Après Satie – For Two and Four Hands is divided up into several sections that each start with a poem where the title is taken from a composition of Satie's.  There are also notations in the style of Satie that accompany many of the poems.  So, I guess the more you know about and understand Erik Satie the harder these poems will hit.  But Today's book of poetry wants to give credit where it is due and we believe that Steadman doesn't leave anyone behind.  Today's book of poetry is really only familiar with "Gymnopedie" by Satie.  It's not an impediment because Steadman serves up, within his own self imposed framework, an astonishing variety of curious narratives full of surreal imagery and fantastic possibility.

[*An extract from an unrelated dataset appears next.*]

(* Let $a,b\in\mathbb{R}$ with $0<a<b$, let $p,q>1$ with $\frac1p+\frac1q=1$, $s\in\left(0,\frac1q\right)$, and $\alpha,\lambda\in[0,1]$. Define $$C_s(\alpha,q)=(1-\alpha)\big[A_\alpha^{sq}(a,b)+a^{sq}\big],\qquad D_s(\alpha,q)=\alpha\big[A_\alpha^{sq}(a,b)+b^{sq}\big],$$ $$\varepsilon_1(\alpha,\lambda,p)=(\alpha\lambda)^{p+1}+(1-\alpha-\alpha\lambda)^{p+1},\qquad \varepsilon_2(\alpha,\lambda,p)=(\alpha\lambda)^{p+1}-(\alpha\lambda-1+\alpha)^{p+1}.$$ Then $$\left|\lambda A_\alpha(a^{s+1},b^{s+1})+(1-\lambda)A_\alpha^{s+1}(a,b)-L_{s+1}^{s+1}(a,b)\right|\leq (b-a)\left(\frac{1}{p+1}\right)^{1/p}(s+1)^{1-\frac1q}\cdot K,$$ where $K=\varepsilon_1^{1/p}(\alpha,\lambda,p)C_s^{1/q}(\alpha,q)+\varepsilon_1^{1/p}(1-\alpha,\lambda,p)D_s^{1/q}(\alpha,q)$ if $\alpha\lambda\leq 1-\alpha\leq 1-\lambda(1-\alpha)$; $K=\varepsilon_1^{1/p}(\alpha,\lambda,p)C_s^{1/q}(\alpha,q)+\varepsilon_2^{1/p}(1-\alpha,\lambda,p)D_s^{1/q}(\alpha,q)$ if $\alpha\lambda\leq 1-\lambda(1-\alpha)\leq 1-\alpha$; $K=\varepsilon_2^{1/p}(\alpha,\lambda,p)C_s^{1/q}(\alpha,q)+\varepsilon_1^{1/p}(1-\alpha,\lambda,p)D_s^{1/q}(\alpha,q)$ if $1-\alpha\leq\alpha\lambda\leq 1-\lambda(1-\alpha)$.
   Context: For real $x,y$ and $\alpha\in[0,1]$, the weighted arithmetic mean is $A_\alpha(x,y)=\alpha x+(1-\alpha)y$, and $A_\alpha^{r}(x,y)$ denotes $(A_\alpha(x,y))^{r}$. For $x,y>0$, $x\neq y$, and $p\in\mathbb{R}\setminus\{-1,0\}$, the $p$-logarithmic mean is $L_p(x,y)=\left(\frac{y^{p+1}-x^{p+1}}{(p+1)(y-x)}\right)^{1/p}$, and $L_{s+1}^{s+1}$ denotes its $(s+1)$-th power. *)

theory Defs
  imports Complex_Main
begin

In these narratives there are morality tales, love stories and much hope.  There is also a menu of waltzing ducks, menacing lions and tigers in the shadows and even birds coming forth from the opened mouths of opera singers and so on.  Steadman has rendered it all into plausible narrative for fools like me.

Trois Gnossiennes


[Avec conviction et avec une tristesse rigouresuse]
The night I performed as a maiden in the crane dance outside the entrance
to the cypress maze at the Grand Duke's Chateau Knossos, I fell in love
with a beast of a man, bullish and brutal, who could love me only physically,
a limitation not without its pleasures and one I welcomed until the day,
while rehearsing a sarabande, I became entranced by my reflection
in the mirrored walls of the studio and realized for the first time that I liked
who I was seeing, her long legs, slender torso, and regal neck, the fact that,
even flightless, she had the grace of an egret or sacred ibis and the ability
to slip through the cypress needles to solve the mystery of the labyrinth and slay
the Minotaur without weakening at the shocked look of betrayal in his eyes,
though never forgetting how he once spilled himself onto my body.


Dean Steadman seems to do this with ease and consistency, he writes poems that are self contained and self explanatory.  The reader is immediately aware of and accepting of Steadman logic.  And why not, these poems sparkle with wit, charm and a dark sense of humour.

We put Erik Satie on the box this morning while we had our morning read.  Odin had never heard Satie before and sat in the corner all contemplative and full of quiet wonder.  The rest of us took our turns reading Steadman aloud, one poem after the other.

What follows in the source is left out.